Vector Programming: From Keyword Matching to Semantic Search
This is the most significant feature of the AI era. The core of AI applications is Vector Embeddings.
MySQL’s Dilemma: MySQL’s support for vector search started late, and its ecosystem is relatively closed.
Postgres’s pgvector: Through its plugin mechanism, Postgres has transformed into the most popular vector database.
The Change in Programming Style:
Past (Keywords): Developers wrote LIKE '%apple%'.
Present (Semantics): Developers convert text into vectors, store them in the Postgres vector field, and then use natural language to perform similarity queries.
Developers do not need to introduce a new specialized vector database (like Milvus) to increase architectural complexity; they simply install a plugin on the existing Postgres instance. This means developers can query both relational data (tuples) and semantic data (similar documents) within the same SQL transaction.
-- Typical Typical PG-style vectorized query: Hybrid Search
SELECT document_text
FROM documents
WHERE user_id = 123 -- Relational Filtering
ORDER BY embedding <=> '[0.1, 0.3, ...]' -- Vector Semantic Sorting
LIMIT 5;
Extensibility: The “Operating System” of the Database World
The design philosophy of Postgres is that everything is extensible.
MySQL: It is a simple, focused database. If you want to add a new data type or processing method, you usually need to integrate a new specialized database.
Postgres: It provides extension interfaces and Foreign Data Wrappers (FDW), serving as an abstract framework for data management in the AI era.
The Change in Programming Style:
In many internet projects, the early stage requires agile iteration and quick launches, so MySQL is used. Later, if fast content retrieval is needed, ElasticSearch is added.

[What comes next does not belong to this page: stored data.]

lemma op_norm_smult_le:
  assumes "1 \<le> p"
  shows "op_norm p (c \<cdot>\<^sub>m A) \<le> \<bar>c\<bar> * op_norm p A"
proof (rule op_norm_le[OF assms])
  fix x assume x: "x \<in> carrier_vec (dim_col (c \<cdot>\<^sub>m A))" "lp_norm p x \<le> 1"
  then have "(c \<cdot>\<^sub>m A) *\<^sub>v x = c \<cdot>\<^sub>v (A *\<^sub>v x)"
    by auto
  then have "lp_norm p ((c \<cdot>\<^sub>m A) *\<^sub>v x) \<le> \<bar>c\<bar> * lp_norm p (A *\<^sub>v x)"
    using lp_norm_smult_le[OF assms] by simp
  also have "\<dots> \<le> \<bar>c\<bar> * op_norm p A"
    using x by (intro mult_left_mono lp_norm_mult_vec_le_op_norm[OF assms]) auto
  finally show "lp_norm p ((c \<cdot>\<^sub>m A) *\<^sub>v x) \<le> \<bar>c\<bar> * op_norm p A" .
qed

lemma op_norm_smult:
  assumes "1 \<le> p"
  shows "op_norm p (c \<cdot>\<^sub>m A) = \<bar>c\<bar> * op_norm p A"
proof (cases "c = 0")
  case True
  have "op_norm p (0 \<cdot>\<^sub>m A) \<le> 0"
    using op_norm_smult_le[OF assms, of 0 A] by simp
  then show ?thesis
    using True op_norm_nonneg[OF assms, of "0 \<cdot>\<^sub>m A"] by simp
next
  case False
  have "A = (1/c) \<cdot>\<^sub>m (c \<cdot>\<^sub>m A)"
    using False by (auto intro!: eq_matI)
  then have "op_norm p A \<le> \<bar>1/c\<bar> * op_norm p (c \<cdot>\<^sub>m A)"
    using op_norm_smult_le[OF assms, of "1/c" "c \<cdot>\<^sub>m A"] by simp
  then have "\<bar>c\<bar> * op_norm p A \<le> op_norm p (c \<cdot>\<^sub>m A)"
    using False by (simp add: field_simps)
  with op_norm_smult_le[OF assms] show ?thesis
    by (simp add: eq_iff)
qed

section \<open>Products of layer matrices\<close>

lemma chain_self: "chain n D W j j = 1\<^sub>m (n j)"
  by (cases j) auto

lemma chain_cong:
  assumes "\<And>i. j < i \<Longrightarrow> i \<le> k \<Longrightarrow> D i * W i = D' i * W i"
  shows "chain n D W j k = chain n D' W j k"
  using assms by (induction k) auto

When big data analysis is required, Hadoop is set up.
Switching to Postgres: If you need full-text search and hybrid search, you can use ParadeDB; if you need data analysis, you can use pg_duckdb or pg_clickhouse; for AI vector search, you can use pgvector.

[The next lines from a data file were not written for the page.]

(* Let ${\bf Q}_1,{\bf Q}_2$ be $d\times d$ positive definite matrices, ${\bf G}_i={\bf Q}_i^{-1/2}$, let $({\bf X}_1,{\bf X}_2)$ be a pair of $d$-dimensional real random vectors, ${\bf Z}_{11},{\bf Z}_{22}\sim\mathcal N({\bf 0},{\bf I}_d)$ independent of each other and of $({\bf X}_1,{\bf X}_2)$, and ${\bf Y}_{ii}={\bf G}_i{\bf X}_i+{\bf Z}_{ii}$, $i=1,2$. Then ${\bf Y}_{11},{\bf Y}_{22}$ are robustly $\epsilon$-dependent if and only if ${\bf X}_1,{\bf X}_2$ are robustly $\epsilon$-dependent.
   Context: Random vectors ${\bf U}_1,{\bf U}_2$ with joint characteristic function $f_{{\bf U}_1,{\bf U}_2}({\bf t}_1,{\bf t}_2)=\mathbb E[e^{j{\bf t}_1^T{\bf U}_1+j{\bf t}_2^T{\bf U}_2}]$ and marginal characteristic functions $f_{{\bf U}_i}$ ($j=\sqrt{-1}$) are robustly $\epsilon$-dependent if $|f_{{\bf U}_1,{\bf U}_2}({\bf t}_1,{\bf t}_2)-f_{{\bf U}_1}({\bf t}_1)f_{{\bf U}_2}({\bf t}_2)|\le\epsilon\,|f_{{\bf U}_1}({\bf t}_1)|\,|f_{{\bf U}_2}({\bf t}_2)|$ for all ${\bf t}_1,{\bf t}_2$. *)

theory Defs
  imports "HOL-Probability.Probability"
begin

definition pos_def_mat :: "real^'n^'n \<Rightarrow> bool" where
  "pos_def_mat Q \<longleftrightarrow> transpose Q = Q \<and> (\<forall>x. x \<noteq> 0 \<longrightarrow> x \<bullet> (Q *v x) > 0)"

definition inv_sqrt_mat :: "real^'n^'n \<Rightarrow> real^'n^'n" where
  "inv_sqrt_mat Q = (THE G. pos_def_mat G \<and> G ** G = matrix_inv Q)"

definition char_fun :: "'a measure \<Rightarrow> ('a \<Rightarrow> real^'n) \<Rightarrow> real^'n \<Rightarrow> complex" where
  "char_fun M U t = (LINT \<omega>|M. cis (t \<bullet> U \<omega>))"

definition joint_char_fun ::
  "'a measure \<Rightarrow> ('a \<Rightarrow> real^'n) \<Rightarrow> ('a \<Rightarrow> real^'m) \<Rightarrow> real^'n \<Rightarrow> real^'m \<Rightarrow> complex" where
  "joint_char_fun M U1 U2 t1 t2 = (LINT \<omega>|M. cis (t1 \<bullet> U1 \<omega> + t2 \<bullet> U2 \<omega>))"

definition robustly_dependent ::
  "'a measure \<Rightarrow> real \<Rightarrow> ('a \<Rightarrow> real^'n) \<Rightarrow> ('a \<Rightarrow> real^'m) \<Rightarrow> bool" where
  "robustly_dependent M \<epsilon> U1 U2 \<longleftrightarrow>
     (\<forall>t1 t2. cmod (joint_char_fun M U1 U2 t1 t2 - char_fun M U1 t1 * char_fun M U2 t2)
              \<le> \<epsilon> * cmod (char_fun M U1 t1) * cmod (char_fun M U2 t2))"

definition std_gaussian_vec :: "'a measure \<Rightarrow> ('a \<Rightarrow> real^'n) \<Rightarrow> bool" where
  "std_gaussian_vec M Z \<longleftrightarrow>
     distributed M lborel Z (\<lambda>x. ennreal (\<Prod>i\<in>UNIV. std_normal_density (x $ i)))"

end

theory Submission
  imports Defs
begin

(* Adding independent Gaussian noise multiplies characteristic functions: as G_i is symmetric,
   the joint characteristic function of (Y11, Y22) at (t1, t2) is that of (X1, X2) at
   (G1 t1, G2 t2) times the nowhere vanishing factor exp (-(|t1|^2 + |t2|^2) / 2), and likewise
   for the marginals. Both sides of the inequality defining robust dependence therefore scale by
   the same positive factor, and (G1 t1, G2 t2) ranges over all pairs because G_i is invertible.
   That G_i = Q_i^(-1/2) is well defined, i.e. that a positive definite matrix has a unique
   positive definite square root, follows from the spectral theorem for self-adjoint operators. *)

lemma linear_coeff_eq_0_if_quadratic_nonpos:
  fixes b c :: real
  assumes "\<And>t. 2 * t * b + t\<^sup>2 * c \<le> 0"
  shows "b = 0"
proof (rule ccontr)
  assume "b \<noteq> 0"
  define s where "s = 1 / (\<bar>c\<bar> + 1)"
  have s: "s > 0" "s * \<bar>c\<bar> < 1" unfolding s_def by (auto simp: field_simps)
  have "s * c \<ge> - (s * \<bar>c\<bar>)" using s by (simp add: abs_if mult_less_0_iff)
  then have "s * (2 + s * c) > 0" using s by simp
  moreover have "b\<^sup>2 > 0" using \<open>b \<noteq> 0\<close> by simp
  moreover have "b\<^sup>2 * (s * (2 + s * c)) \<le> 0"
    using assms[of "s * b"] by (simp add: power2_eq_square algebra_simps)
  ultimately show False by (metis mult_pos_pos not_le)
qed

lemma selfadjoint_eigenvector_in_invariant_subspace:
  fixes f :: "'a::euclidean_space \<Rightarrow> 'a"
  assumes lin: "linear f" and adj: "\<And>x y. f x \<bullet> y = x \<bullet> f y"
    and S: "subspace S" "S \<noteq> {0}" and inv: "f ` S \<subseteq> S"
  shows "\<exists>u\<in>S. norm u = 1 \<and> f u = (u \<bullet> f u) *\<^sub>R u"
proof -
  let ?K = "S \<inter> sphere 0 1"
  obtain x where "x \<in> S" "x \<noteq> 0" using S subspace_0 by auto
  then have "x /\<^sub>R norm x \<in> ?K" using S(1) by (simp add: subspace_scale)
  then have "?K \<noteq> {}" by blast
  moreover have "compact ?K" using closed_subspace[OF S(1)] by (simp add: closed_Int_compact)
  moreover have "continuous_on ?K (\<lambda>x. x \<bullet> f x)"
    using lin by (intro continuous_intros linear_continuous_on) (simp add: linear_conv_bounded_linear)
  ultimately obtain u where "u \<in> ?K" and u_max: "\<And>y. y \<in> ?K \<Longrightarrow> y \<bullet> f y \<le> u \<bullet> f u"
    by (metis continuous_attains_sup)
  then have u: "u \<in> S" "norm u = 1" by auto
  define l where "l = u \<bullet> f u"
  have rayleigh: "w \<bullet> f w \<le> l * (w \<bullet> w)" if "w \<in> S" for w
  proof (cases "w = 0")
    case False
    have "w /\<^sub>R norm w \<in> ?K" using that False S(1) by (simp add: subspace_scale)
    then have "(w /\<^sub>R norm w) \<bullet> f (w /\<^sub>R norm w) \<le> l" unfolding l_def by (rule u_max)
    then have "(w \<bullet> f w) / (norm w)\<^sup>2 \<le> l"
      by (simp add: linear_scale[OF lin] power2_eq_square divide_inverse ac_simps)
    then show ?thesis using False by (simp add: power2_norm_eq_inner field_simps)
  qed simp
  \<comment> \<open>u maximises the Rayleigh quotient on S, so its first variation in every direction
    v of S vanishes: f u - l u is orthogonal to S.\<close>
  define r where "r = f u - l *\<^sub>R u"
  have "r \<in> S" unfolding r_def using inv u(1) S(1) by (auto simp: subspace_diff subspace_scale)
  moreover have "r \<bullet> v = 0" if "v \<in> S" for v
  proof (rule linear_coeff_eq_0_if_quadratic_nonpos)
    fix t
    have "u + t *\<^sub>R v \<in> S" using u(1) that S(1) by (simp add: subspace_add subspace_scale)
    moreover have "u \<bullet> u = 1" using u(2) by (simp add: norm_eq_1)
    moreover have "u \<bullet> f v = f u \<bullet> v" by (simp add: adj)
    ultimately show "2 * t * (r \<bullet> v) + t\<^sup>2 * (v \<bullet> f v - l * (v \<bullet> v)) \<le> 0"
      using rayleigh[of "u + t *\<^sub>R v"] unfolding r_def l_def
      by (simp add: linear_add[OF lin] linear_scale[OF lin] inner_add_left inner_add_right
          inner_diff_left inner_commute power2_eq_square algebra_simps)
  qed
  ultimately have "r = 0" using inner_eq_zero_iff by blast
  then show ?thesis using u unfolding r_def l_def by auto
qed

lemma selfadjoint_orthonormal_eigenbasis_subspace:
  fixes f :: "'a::euclidean_space \<Rightarrow> 'a"
  assumes lin: "linear f" and adj: "\<And>x y. f x \<bullet> y = x \<bullet> f y"
  shows "subspace S \<Longrightarrow> f ` S \<subseteq> S \<Longrightarrow> \<exists>B\<subseteq>S. pairwise orthogonal B \<and>
    (\<forall>b\<in>B. norm b = 1 \<and> f b = (b \<bullet> f b) *\<^sub>R b) \<and> span B = S"
proof (induction "dim S" arbitrary: S rule: less_induct)
  case less
  show ?case
  proof (cases "S = {0}")
    case True
    then show ?thesis by (intro exI[of _ "{}"]) auto
  next
    case False
    obtain u where u: "u \<in> S" "norm u = 1" "f u = (u \<bullet> f u) *\<^sub>R u"
      using selfadjoint_eigenvector_in_invariant_subspace[OF lin adj less.prems(1) False less.prems(2)]
      by blast
    define S' where "S' = {x \<in> S. u \<bullet> x = 0}"
    have "subspace S'" using less.prems(1) unfolding S'_def subspace_def
      by (auto simp: inner_add_right inner_scaleR_right)
    moreover have "f ` S' \<subseteq> S'"
    proof -
      have "u \<bullet> f x = 0" if "x \<in> S'" for x
        using that u(3) unfolding S'_def adj[symmetric]
        by (metis (mono_tags) inner_scaleR_left mem_Collect_eq mult_zero_right)
      then show ?thesis using less.prems(2) unfolding S'_def by auto
    qed
    moreover have "dim S' < dim S"
    proof (rule dim_psubset)
      have "u \<notin> S'" using u(2) unfolding S'_def by (auto simp: norm_eq_1)
      then have "S' \<subset> S" using u(1) unfolding S'_def by blast
      then show "span S' \<subset> span S"
        using \<open>subspace S'\<close> less.prems(1) by (metis span_eq_iff)
    qed
    ultimately obtain B' where B': "B' \<subseteq> S'" "pairwise orthogonal B'"
      "\<forall>b\<in>B'. norm b = 1 \<and> f b = (b \<bullet> f b) *\<^sub>R b" "span B' = S'"
      using less.hyps by blast
    have "insert u B' \<subseteq> S" using B'(1) u(1) unfolding S'_def by auto
    moreover have "pairwise orthogonal (insert u B')"
      using B'(1,2) unfolding pairwise_insert S'_def orthogonal_def by (auto simp: inner_commute)
    moreover have "S \<subseteq> span (insert u B')"
    proof
      fix x assume "x \<in> S"
      then have "x - (u \<bullet> x) *\<^sub>R u \<in> S'" using u less.prems(1) unfolding S'_def
        by (auto simp: subspace_diff subspace_scale inner_diff_right norm_eq_1)
      then show "x \<in> span (insert u B')" using B'(4) by (auto simp: span_breakdown_eq)
    qed
    then have "span (insert u B') = S"
      using \<open>insert u B' \<subseteq> S\<close> less.prems(1) by (simp add: span_minimal subset_antisym)
    ultimately show ?thesis using B'(3) u by (intro exI[of _ "insert u B'"]) auto
  qed
qed

lemma selfadjoint_orthonormal_eigenbasis:
  fixes f :: "'a::euclidean_space \<Rightarrow> 'a"
  assumes "linear f" and "\<And>x y. f x \<bullet> y = x \<bullet> f y"
  obtains B where "finite B" "pairwise orthogonal B" "span B = UNIV"
    "\<And>b. b \<in> B \<Longrightarrow> norm b = 1" "\<And>b. b \<in> B \<Longrightarrow> f b = (b \<bullet> f b) *\<^sub>R b"
  using selfadjoint_orthonormal_eigenbasis_subspace[OF assms subspace_UNIV]
  by (metis pairwise_orthogonal_imp_finite subset_UNIV)

lemma orthonormal_inner_sum:
  fixes B :: "'a::real_inner set"
  assumes "finite B" "pairwise orthogonal B" "\<And>b. b \<in> B \<Longrightarrow> norm b = 1" "c \<in> B"
  shows "c \<bullet> (\<Sum>b\<in>B. g b *\<^sub>R b) = g c"
proof -
  have "c \<bullet> (\<Sum>b\<in>B. g b *\<^sub>R b) = (\<Sum>b\<in>B. g b * (c \<bullet> b))"
    by (simp add: inner_sum_right)
  also have "\<dots> = (\<Sum>b\<in>B. if b = c then g b else 0)"
    using assms(2-4) by (intro sum.cong) (auto simp: pairwise_def orthogonal_def norm_eq_1)
  finally show ?thesis using assms(1,4) by simp
qed

lemma symmetric_matrix_inner:
  fixes A :: "real^'n^'n"
  assumes "transpose A = A"
  shows "(A *v x) \<bullet> y = x \<bullet> (A *v y)"
  by (metis assms dot_lmul_matrix vector_transpose_matrix)

lemma matrix_outer_sum_mult:
  fixes B :: "(real^'n) set"
  shows "(\<chi> i j. \<Sum>b\<in>B. c b * b$i * b$j) *v x = (\<Sum>b\<in>B. (c b * (b \<bullet> x)) *\<^sub>R b)"
  by (simp add: vec_eq_iff matrix_vector_mult_def inner_vec_def sum_distrib_left sum_distrib_right
      sum_component algebra_simps) (subst sum.swap, simp add: algebra_simps)

lemma invertible_matrix_inv:
  fixes A :: "'a::field^'n^'n"
  assumes "invertible A"
  shows "A ** matrix_inv A = mat 1" "matrix_inv A ** A = mat 1"
  using someI_ex[OF assms[unfolded invertible_def]] unfolding matrix_inv_def by auto

lemma pos_def_matD:
  assumes "pos_def_mat Q"
  shows "transpose Q = Q" and "x \<noteq> 0 \<Longrightarrow> 0 < x \<bullet> (Q *v x)"
  using assms unfolding pos_def_mat_def by auto

lemma pos_def_mat_inj:
  assumes "pos_def_mat Q"
  shows "inj ((*v) Q)"
  using pos_def_matD(2)[OF assms] by (metis inner_zero_right less_irrefl vec.inj_iff_eq_0)

lemma pos_def_mat_surj:
  assumes "pos_def_mat Q"
  shows "surj ((*v) Q)"
  using pos_def_mat_inj[OF assms] matrix_vector_mul_linear by (rule eucl.linear_inj_imp_surj[rotated])

lemma pos_def_mat_invertible:
  assumes "pos_def_mat Q"
  shows "invertible Q"
  using pos_def_mat_inj[OF assms] by (simp add: invertible_left_inverse matrix_left_invertible_injective)

lemma pos_def_mat_matrix_inv:
  assumes "pos_def_mat Q"
  shows "pos_def_mat (matrix_inv Q)"
proof -
  define R where "R = matrix_inv Q"
  have QR: "Q ** R = mat 1" "R ** Q = mat 1"
    using invertible_matrix_inv[OF pos_def_mat_invertible[OF assms]] unfolding R_def by auto
  have "transpose R ** Q = mat 1"
    using QR(1) pos_def_matD(1)[OF assms] by (metis matrix_transpose_mul transpose_mat)
  then have "transpose R = R" by (metis QR(1) matrix_mul_assoc matrix_mul_lid matrix_mul_rid)
  moreover have "x \<bullet> (R *v x) > 0" if "x \<noteq> 0" for x
  proof -
    have "x = Q *v (R *v x)" by (simp add: matrix_vector_mul_assoc QR)
    then have "R *v x \<noteq> 0" using that by auto
    then show ?thesis
      using pos_def_matD(2)[OF assms] \<open>x = Q *v (R *v x)\<close> by (metis inner_commute)
  qed
  ultimately show ?thesis unfolding pos_def_mat_def R_def by blast
qed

Developers don’t need to integrate new specialized databases for new features; they just need to run CREATE EXTENSION. This “LEGO-like” programming experience makes Postgres the “Universal Glue” in the AI tech stack. Developers only need to know how to use AI to correctly convert natural language into Postgres SQL syntax to complete various complex data processing logic.

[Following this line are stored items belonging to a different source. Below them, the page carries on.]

theorem mainTheorem1:
  fixes V :: "'a set" and E :: "'a set set"
  assumes "finite V" and "bipartite_graph V E"
  shows "\<exists>n k. k \<le> n \<and>
    (\<forall>c :: (nat + nat set) set \<Rightarrow> bool.
      \<exists>V'. V' \<subseteq> B_verts n k \<and>
        (\<exists>f. bij_betw f V V' \<and>
             (\<forall>u\<in>V. \<forall>v\<in>V. {u, v} \<in> E \<longleftrightarrow> {f u, f v} \<in> B_edges n k)) \<and>
        (\<exists>col. \<forall>e\<in>B_edges n k. e \<subseteq> V' \<longrightarrow> c e = col))"
proof -
  obtain A B where V: "V = A \<union> B" and "A \<inter> B = {}" and E: "\<forall>e\<in>E. \<exists>a\<in>A. \<exists>b\<in>B. e = {a, b}"
    using assms(2) unfolding bipartite_graph_def by blast
  have AB: "finite A" "finite B" "card A \<le> card V" "card B \<le> card V"
    using assms(1) V by (auto intro: card_mono)
  define k where "k = 2 * card V + 1"
  define M where "M = card V + 1"
  obtain N where "k * M \<le> N" and ramsey: "\<forall>col :: nat \<Rightarrow> nat set \<Rightarrow> bool. \<exists>h P.
      strict_mono_on {..<k * M} h \<and> h ` {..<k * M} \<subseteq> {1..N} \<and>
      (\<forall>X \<in> [{..<k * M}]\<^bsup>k\<^esup>. \<forall>r<k. col (h (sorted_list_of_set X ! r)) (h ` X) \<longleftrightarrow> r \<in> P)"
    by (rule ramsey_position_homogeneous)
  have "monochromatic_induced_copy V E N k c" for c
  proof -
    obtain h P where h: "strict_mono_on {..<k * M} h" "h ` {..<k * M} \<subseteq> {1..N}" and P:
      "\<forall>X \<in> [{..<k * M}]\<^bsup>k\<^esup>. \<forall>r<k. c {Inl (h (sorted_list_of_set X ! r)), Inr (h ` X)} \<longleftrightarrow> r \<in> P"
      using ramsey[rule_format, of "\<lambda>x X. c {Inl x, Inr X}"] by blast
    have "2 * card A < k" "card B < M"
      using AB by (simp_all add: k_def M_def)
    then show ?thesis
      unfolding V by (rule monochromatic_induced_copy_if_position_homogeneous[OF \<open>A \<inter> B = {}\<close> E AB(1,2)
          _ _ strict_mono_on_imp_inj_on[OF h(1)] h(2) P])
  qed
  moreover have "k \<le> N"
    using \<open>k * M \<le> N\<close> by (simp add: M_def)
  ultimately show ?thesis
    unfolding monochromatic_induced_copy_def by blast
qed

end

This unifies the SQL syntax for all data processing tools, eliminating the problems centered around MySQL such as “numerous SQL dialects,” “data silos,” and “complex operations.” Using AI to convert natural language into Postgres SQL syntax refactors all data processing logic, significantly boosting IT R&D productivity and upgrading the intelligent interaction experience of IT applications.
Summary Comparison Table
| Dimension | Internet Era (MySQL Paradigm) | AI Era (Postgres Paradigm) |
|---|---|---|
| Core Data | Structured Text / Numbers | Vectors, JSON, Unstructured Data |
| Logic Location | Java/Python App Layer handles logic | Logic pushed down to DB (Complex SQL/Stored Proc) |
| Code Generation | Hand-written SQL, kept simple | AI-generated Complex SQL / Stored Procedures |
| Query Mode | Exact PK Match (Where ID=1) |
Semantic Search + Hybrid Query |
| Data Management Style | Simple & Focused + Multiple specialized DBs | Feature-rich + Extensions for specialized processing |
| Dev Experience | Manual dev, requires specialized skills | AI-oriented natural language interaction, focus on business intent |
Conclusion
The reason Postgres has become the preferred choice in the AI era is that it is no longer just a “warehouse for storing data,” but has evolved into an “AI-oriented data processing platform.”
With the support of AI-assisted programming, Postgres’s complex features (such as stored procedures and complex queries) are no longer a burden for developers. Instead, they have become powerful weapons, perfectly adapting to the needs of AI applications for local data computation and multi-model data processing.